Dancing on Main Street may need revamp


By Jason Hawk - jhawk@aimmediamidwest.com



“Is this the last year?”

That’s a question Dancing on Main Street organizer Teresa Gilles hears every August — and it’s one we heard over and over at Saturday’s downtown festival.

No decision has been made to end the annual bands-and-beer party, which just wrapped on its 15th year.

But it may get a revamp.

Gilles said her eyes were opened late Saturday when she spent time with Amherst police officers dealing with rowdy crowds. After 10:30 p.m., there were several incidents from shoving to screaming matches to an assault.

Lt. Mark Cawthon said there were 16 calls for service related to Dancing on Main Street, down from 24 last year. But he warned that “the numbers can be somewhat deceiving.”

“I say that because in my experience over the last few years… at the end of the event, there seems to be a crowd that comes down there for trouble,” he said.

Main Street Amherst started the festival in 2003 to highlight the pubs in Amherst’s historical downtown district. Gilles, who serves as executive director of the nonprofit, has said it’s become the biggest sales night of the year for Park Avenue and Church Street bars.

But this year Cawthon said three establishments were overloaded around midnight and police had to step in to enforce occupancy laws. “It got to the point where the crowd was agitated because some couldn’t get in,” he said. “But we had to at least make sure that people could get out.”

Main Street hires Amherst officers to provide security at the event. Cawthon said he asked Lorain police and state troopers for help Saturday night too as folks downtown became more aggressive.
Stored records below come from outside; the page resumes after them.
text \<open>A state \<open>S\<close> on \<open>{..k} \<times> Vs\<close> is a history of \<open>k + 1\<close> basis states of \<open>Vs\<close>,
  the \<open>t\<close>-th one being \<open>slice S t\<close>.\<close>

definition slice :: "(nat \<times> 'v \<Rightarrow> bool) \<Rightarrow> nat \<Rightarrow> 'v \<Rightarrow> bool" where
  "slice S t = (\<lambda>v. S (t, v))"

definition set_slice :: "nat \<Rightarrow> ('v \<Rightarrow> bool) \<Rightarrow> (nat \<times> 'v \<Rightarrow> bool) \<Rightarrow> nat \<times> 'v \<Rightarrow> bool" where
  "set_slice n b S = (\<lambda>p. if fst p = n then b (snd p) else S p)"

definition paths :: "'v set \<Rightarrow> nat \<Rightarrow> ('v \<Rightarrow> bool) \<Rightarrow> ('v \<Rightarrow> bool) \<Rightarrow> (nat \<times> 'v \<Rightarrow> bool) set" where
  "paths Vs k a b = {S \<in> basis ({..k} \<times> Vs). slice S 0 = a \<and> slice S k = b}"

lemma finite_paths: "finite Vs \<Longrightarrow> finite (paths Vs k a b)"
  unfolding paths_def by (rule finite_subset[of _ "basis ({..k} \<times> Vs)"]) (auto intro: finite_basis)

lemma paths_0:
  fixes Vs :: "'v set"
  assumes "a \<in> basis Vs"
  shows "paths Vs 0 a b = (if a = b then {set_slice 0 a (\<lambda>_. False)} else {})"
proof -
  have unique: "S = set_slice 0 a (\<lambda>_. False)" if "S \<in> paths Vs 0 a b" for S
  proof
    fix p :: "nat \<times> 'v"
    obtain t v where p: "p = (t, v)" by (cases p)
    have S: "S \<in> basis ({..0} \<times> Vs)" "slice S 0 = a"
      using that by (auto simp: paths_def)
    have "S (0, v) = a v"
      using fun_cong[OF S(2), of v] by (simp add: slice_def)
    then show "S p = set_slice 0 a (\<lambda>_. False) p"
      using S(1) p by (cases "t = 0") (auto simp: basis_def set_slice_def)
  qed
  show ?thesis
  proof (cases "a = b")
    case True
    have "set_slice 0 a (\<lambda>_. False) \<in> paths Vs 0 a b"
      using assms True by (auto simp: paths_def basis_def slice_def set_slice_def)
    with unique True show ?thesis
      by (metis empty_iff insertI1 subset_antisym subset_singletonD subsetI)
  qed (auto simp: paths_def)
qed

lemma bij_betw_paths_Suc:
  assumes "b \<in> basis Vs"
  shows "bij_betw (\<lambda>(u, S). set_slice (Suc k) b S) (Sigma (basis Vs) (paths Vs k a)) (paths Vs (Suc k) a b)"
proof (rule bij_betw_byWitness[where f'="\<lambda>S. (slice S k, set_slice (Suc k) (\<lambda>_. False) S)"])
  show "\<forall>x\<in>Sigma (basis Vs) (paths Vs k a).
          (\<lambda>S. (slice S k, set_slice (Suc k) (\<lambda>_. False) S)) ((\<lambda>(u, S). set_slice (Suc k) b S) x) = x"
    by (auto simp: paths_def basis_def set_slice_def slice_def fun_eq_iff)
  show "\<forall>S\<in>paths Vs (Suc k) a b.
          (\<lambda>(u, S). set_slice (Suc k) b S) (slice S k, set_slice (Suc k) (\<lambda>_. False) S) = S"
    by (auto simp: paths_def set_slice_def slice_def fun_eq_iff)
  show "(\<lambda>(u, S). set_slice (Suc k) b S) ` Sigma (basis Vs) (paths Vs k a) \<subseteq> paths Vs (Suc k) a b"
    using assms by (auto simp: paths_def basis_def set_slice_def slice_def fun_eq_iff le_Suc_eq)
  show "(\<lambda>S. (slice S k, set_slice (Suc k) (\<lambda>_. False) S)) ` paths Vs (Suc k) a b
          \<subseteq> Sigma (basis Vs) (paths Vs k a)"
    by (auto simp: paths_def basis_def set_slice_def slice_def fun_eq_iff le_Suc_eq)
qed

lemma op_prod_path_sum:
  assumes fin: "finite Vs" and "a \<in> basis Vs" "b \<in> basis Vs"
  shows "op_prod Vs A k a b = (\<Sum>S\<in>paths Vs k a b. \<Prod>t<k. A t (slice S t) (slice S (Suc t)))"
  using assms(3)
proof (induction k arbitrary: b)
  case 0
  then show ?case by (simp add: paths_0[OF assms(2)] op_id_def)
next
  case (Suc k)
  let ?w = "\<lambda>k S. \<Prod>t<k. A t (slice S t) (slice S (Suc t))"
  have "op_prod Vs A (Suc k) a b = (\<Sum>u\<in>basis Vs. \<Sum>S\<in>paths Vs k a u. ?w k S * A k u b)"
    using Suc.IH by (simp add: op_mult_def sum_distrib_right)
  also have "\<dots> = (\<Sum>(u, S)\<in>Sigma (basis Vs) (paths Vs k a). ?w k S * A k u b)"
    using fin by (intro sum.Sigma) (auto intro: finite_basis finite_paths)
  also have "\<dots> = (\<Sum>(u, S)\<in>Sigma (basis Vs) (paths Vs k a). ?w (Suc k) (set_slice (Suc k) b S))"
  proof (intro sum.cong refl, clarify)
    fix u S assume "S \<in> paths Vs k a u"
    then have "slice (set_slice (Suc k) b S) k = u" "slice (set_slice (Suc k) b S) (Suc k) = b"
      by (auto simp: paths_def slice_def set_slice_def)
    moreover have "?w k (set_slice (Suc k) b S) = ?w k S"
      by (intro prod.cong refl) (auto simp: slice_def set_slice_def)
    ultimately show "?w k S * A k u b = ?w (Suc k) (set_slice (Suc k) b S)"
      by simp
  qed
  also have "\<dots> = (\<Sum>S\<in>paths Vs (Suc k) a b. ?w (Suc k) S)"
    using sum.reindex_bij_betw[OF bij_betw_paths_Suc[OF Suc.prems], of "?w (Suc k)"]
    by (simp add: case_prod_beta')
  finally show ?case .
qed

lemma bij_betw_closed_paths:
  assumes "n \<ge> 1"
  shows "bij_betw (\<lambda>(a, S). set_slice n (\<lambda>_. False) S)
           (Sigma (basis Vs) (\<lambda>a. paths Vs n a a)) (basis ({..<n} \<times> Vs))"
proof (rule bij_betw_byWitness[where f'="\<lambda>S. (slice S 0, set_slice n (slice S 0) S)"])
  show "\<forall>x\<in>Sigma (basis Vs) (\<lambda>a. paths Vs n a a).
          (\<lambda>S. (slice S 0, set_slice n (slice S 0) S)) ((\<lambda>(a, S). set_slice n (\<lambda>_. False) S) x) = x"
    using assms by (auto simp: paths_def basis_def set_slice_def slice_def fun_eq_iff)
  show "\<forall>S\<in>basis ({..<n} \<times> Vs).
          (\<lambda>(a, S). set_slice n (\<lambda>_. False) S) (slice S 0, set_slice n (slice S 0) S) = S"
    by (auto simp: basis_def set_slice_def fun_eq_iff)
  show "(\<lambda>(a, S). set_slice n (\<lambda>_. False) S) ` Sigma (basis Vs) (\<lambda>a. paths Vs n a a) \<subseteq> basis ({..<n} \<times> Vs)"
    by (auto simp: paths_def basis_def set_slice_def)
  show "(\<lambda>S. (slice S 0, set_slice n (slice S 0) S)) ` basis ({..<n} \<times> Vs) \<subseteq> Sigma (basis Vs) (\<lambda>a. paths Vs n a a)"
    using assms by (auto simp: paths_def basis_def set_slice_def slice_def fun_eq_iff)
qed

lemma op_trace_op_prod:
  assumes fin: "finite Vs" and n: "n \<ge> 1"
  shows "op_trace Vs (op_prod Vs A n)
       = (\<Sum>S\<in>basis ({..<n} \<times> Vs). \<Prod>t<n. A t (slice S t) (slice S (Suc t mod n)))"
proof -
  let ?w = "\<lambda>S. \<Prod>t<n. A t (slice S t) (slice S (Suc t mod n))"
  have "op_trace Vs (op_prod Vs A n) = (\<Sum>a\<in>basis Vs. \<Sum>S\<in>paths Vs n a a. \<Prod>t<n. A t (slice S t) (slice S (Suc t)))"
    unfolding op_trace_def using op_prod_path_sum[OF fin] by simp
  also have "\<dots> = (\<Sum>(a, S)\<in>Sigma (basis Vs) (\<lambda>a. paths Vs n a a). \<Prod>t<n. A t (slice S t) (slice S (Suc t)))"
    using fin by (intro sum.Sigma) (auto intro: finite_basis finite_paths)
  also have "\<dots> = (\<Sum>(a, S)\<in>Sigma (basis Vs) (\<lambda>a. paths Vs n a a). ?w (set_slice n (\<lambda>_. False) S))"
  proof (intro sum.cong refl, clarify, intro prod.cong refl)
    fix a S t assume S: "S \<in> paths Vs n a a" and "t \<in> {..<n}"
    then have "Suc t < n \<or> Suc t = n" by auto
    then show "A t (slice S t) (slice S (Suc t))
        = A t (slice (set_slice n (\<lambda>_. False) S) t) (slice (set_slice n (\<lambda>_. False) S) (Suc t mod n))"
      using S \<open>t \<in> {..<n}\<close> by (auto simp: paths_def slice_def set_slice_def)
  qed
  also have "\<dots> = (\<Sum>S\<in>basis ({..<n} \<times> Vs). ?w S)"
    using sum.reindex_bij_betw[OF bij_betw_closed_paths[OF n], of ?w]
    by (simp add: case_prod_beta')
  finally show ?thesis .
qed

section \<open>The quantum transfer matrix as a product of classical layers\<close>

text \<open>The classical transfer matrix from plane \<open>t\<close> to plane \<open>t + 1\<close> at \<open>\<beta>J\<^sub>\<perp> = \<beta>h = \<pi>i/4\<close>,
  with each vertical bond weight divided by \<open>bond_norm\<close>.\<close>

definition layer_op :: "nat \<Rightarrow> nat \<Rightarrow> complex \<Rightarrow> complex \<Rightarrow> complex \<Rightarrow> nat \<Rightarrow> vtx op" where
  "layer_op Lx Ly Kx Ky Kz t = op_mult (verts Lx Ly)
     (diag_op (\<lambda>s. exp (coupling Kx Ky Kz (plane_type t) * bond_sum Lx Ly (plane_type t) s)))
     (op_tensor (verts Lx Ly) (\<lambda>_. vbond))"

lemma layer_op_periodic: "layer_op Lx Ly Kx Ky Kz (t + 3) = layer_op Lx Ly Kx Ky Kz t"
  by (simp add: layer_op_def plane_type_def)

lemma op_pow_eq_op_prod:
  assumes periodic: "\<And>t. A (t + 3) = A t"
  shows "op_pow Vs (op_mult Vs (A 0) (op_mult Vs (A 1) (A 2))) k = op_prod Vs A (3 * k)"
proof -
  have shift: "A (3 * k + j) = A j" for k j
  proof (induction k)
    case (Suc k)
    then show ?case
      using periodic[of "3 * k + j"] by (simp add: algebra_simps)
  qed simp
  show ?thesis
  proof (induction k)
    case (Suc k)
    then show ?case
      using shift[of k 0] shift[of k 1] shift[of k 2] by (simp add: op_mult_assoc numeral_3_eq_3)
  qed simp
qed

lemma op_mult_conj_cycle:
  assumes fin: "finite Vs" and UW: "op_eq Vs (op_mult Vs U0 W0) op_id"
  defines "m \<equiv> op_mult Vs"
  shows "op_eq Vs (m (m (m U0 (m D0 W0)) (m U1 (m D1 W1))) (m U2 (m D2 W2)))
                  (m U0 (m (m (m D0 (m W0 U1)) (m (m D1 (m W1 U2)) (m D2 (m W2 U0)))) W0))"
proof -
  let ?T = "m (m (m U0 (m D0 W0)) (m U1 (m D1 W1))) (m U2 (m D2 W2))"
  have "op_eq Vs ?T (m ?T op_id)"
    unfolding m_def by (rule op_eq_sym[OF op_mult_id_right[OF fin]])
  also have "op_eq Vs \<dots> (m ?T (m U0 W0))"
    unfolding m_def by (intro op_mult_cong op_eq_refl op_eq_sym[OF UW])
  also have "\<dots> = m U0 (m (m (m D0 (m W0 U1)) (m (m D1 (m W1 U2)) (m D2 (m W2 U0)))) W0)"
    by (simp add: m_def op_mult_assoc)
  finally show ?thesis .
qed

lemma trace_transfer_pow:
  assumes "Lx \<ge> 1" "Ly \<ge> 1"
  defines "V \<equiv> verts Lx Ly"
  shows "op_trace V (op_pow V (transfer Lx Ly Kx Ky Kz) M)
       = op_trace V (op_prod V (layer_op Lx Ly Kx Ky Kz) (3 * M))"
proof -
  let ?m = "op_mult V" and ?L = "layer_op Lx Ly Kx Ky Kz"
  define D where "D K \<alpha> = diag_op (\<lambda>s. exp (K * bond_sum Lx Ly \<alpha> s))" for K \<alpha>
  have fin: "finite V" by (simp add: V_def finite_verts)
  have layers: "?L 0 = ?m (D Kx AX) (?m (coframe V AX) (frame V AY))"
               "?L 1 = ?m (D Ky AY) (?m (coframe V AY) (frame V AZ))"
               "?L 2 = ?m (D Kz AZ) (?m (coframe V AZ) (frame V AX))"
    by (simp_all add: layer_op_def D_def V_def coframe_frame_overlap finite_verts plane_type_def coupling_def)
  have "op_eq V (transfer Lx Ly Kx Ky Kz)
      (?m (?m (?m (frame V AX) (?m (D Kx AX) (coframe V AX))) (?m (frame V AY) (?m (D Ky AY) (coframe V AY))))
          (?m (frame V AZ) (?m (D Kz AZ) (coframe V AZ))))"
    unfolding transfer_def Let_def V_def D_def
    by (intro op_mult_cong op_exp_link_sum assms)
  also have "op_eq V \<dots> (?m (frame V AX) (?m (?m (?L 0) (?m (?L 1) (?L 2))) (coframe V AX)))"
    unfolding layers by (intro op_mult_conj_cycle fin frame_coframe)
  finally have "op_trace V (op_pow V (transfer Lx Ly Kx Ky Kz) M)
      = op_trace V (op_pow V (?m (frame V AX) (?m (?m (?L 0) (?m (?L 1) (?L 2))) (coframe V AX))) M)"
    by (intro op_trace_cong op_pow_cong)
  also have "\<dots> = op_trace V (?m (frame V AX) (?m (op_pow V (?m (?L 0) (?m (?L 1) (?L 2))) M) (coframe V AX)))"
    by (intro op_trace_cong op_pow_conj fin frame_coframe coframe_frame)
  also have "\<dots> = op_trace V (op_pow V (?m (?L 0) (?m (?L 1) (?L 2))) M)"
    by (rule op_trace_conj[OF fin coframe_frame[OF fin]])
  also have "\<dots> = op_trace V (op_prod V ?L (3 * M))"
    by (simp only: op_pow_eq_op_prod[where A="?L", OF layer_op_periodic])
  finally show ?thesis .
qed

section \<open>Weights of histories\<close>

definition bond_norm :: complex where
  "bond_norm = (-1 + \<i>) / 2"

lemma bond_norm_nonzero: "bond_norm \<noteq> 0"
  by (simp add: bond_norm_def complex_eq_iff)

lemma bond_norm_polar: "complex_of_real (1 / sqrt 2) * exp (3 * pi * \<i> / 4) = bond_norm"
proof -
  have "3 * pi / 4 = pi - pi / 4" by simp
  then have "cos (3 * pi / 4) = - (sqrt 2 / 2)" "sin (3 * pi / 4) = sqrt 2 / 2"
    by (simp_all only: cos_pi_minus sin_pi_minus cos_45 sin_45)
  moreover have "exp (3 * pi * \<i> / 4) = cis (3 * pi / 4)"
    by (simp add: cis_conv_exp mult_ac)
  ultimately show ?thesis
    by (simp add: complex_eq_iff bond_norm_def)
qed

lemma vbond_exp:
  "vbond a b = bond_norm * exp (pi * \<i> / 4 * of_int (spin a * spin b) - pi * \<i> / 8 * of_int (spin a + spin b))"
proof -
  have "exp (pi * \<i> / 2) = \<i>"
    using exp_Euler[of "pi / 2"] by (simp add: mult.commute)
  moreover have "exp (- (pi * \<i> / 4)) = cis (- (pi / 4))"
    by (simp add: cis_conv_exp mult.commute)
  moreover have "cis (- (pi / 4)) = (1 - \<i>) / sqrt 2"
    by (simp add: complex_eq_iff cos_45 sin_45 Re_divide_of_real Im_divide_of_real real_div_sqrt)
  moreover have "pi * \<i> / 4 * of_int (spin a * spin b) - pi * \<i> / 8 * of_int (spin a + spin b)
      = (if a = b then (if a then pi * \<i> / 2 else 0) else - (pi * \<i> / 4))"
    by (auto simp: spin_def field_simps)
  ultimately have "exp (pi * \<i> / 4 * of_int (spin a * spin b) - pi * \<i> / 8 * of_int (spin a + spin b))
      = (if a = b then (if a then \<i> else 1) else (1 - \<i>) / sqrt 2)"
    by simp
  then show ?thesis
    by (auto simp: vbond_def bond_norm_def field_simps of_real_sqrt2_sq)
qed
After the event, it was difficult to clear both intoxicated people and litter from the street, he said.

Cawthon and Gilles met Monday and the lieutenant said there is a need to look at overhauling the event next year in the name of safety.

Gilles agreed steps should be taken, though she said “it’s not Amherst people” causing problems. She said “young people” from outside the city created many late-night problems.

She said one idea is to drastically change the hours for Dancing on Main Street — for example, it could run from noon to 8 p.m., which would be more family-friendly.

This year’s daylight attendance was up, she said, which indicates there’s an interest in the family-oriented aspect of the festival.

And, after-dark problems aside, there was plenty to celebrate at Dancing on Main Street 2018: Attendees loved the rockin’ sounds of The Roadhouse Band, new act MadFly, and Dann Swift’s The Current Vibe.

They also flocked to new food vendors for pierogies, macaroni and cheese, and kettle corn, Gilles said.

“It was nice to see people with kids coming down and having fun,” she said.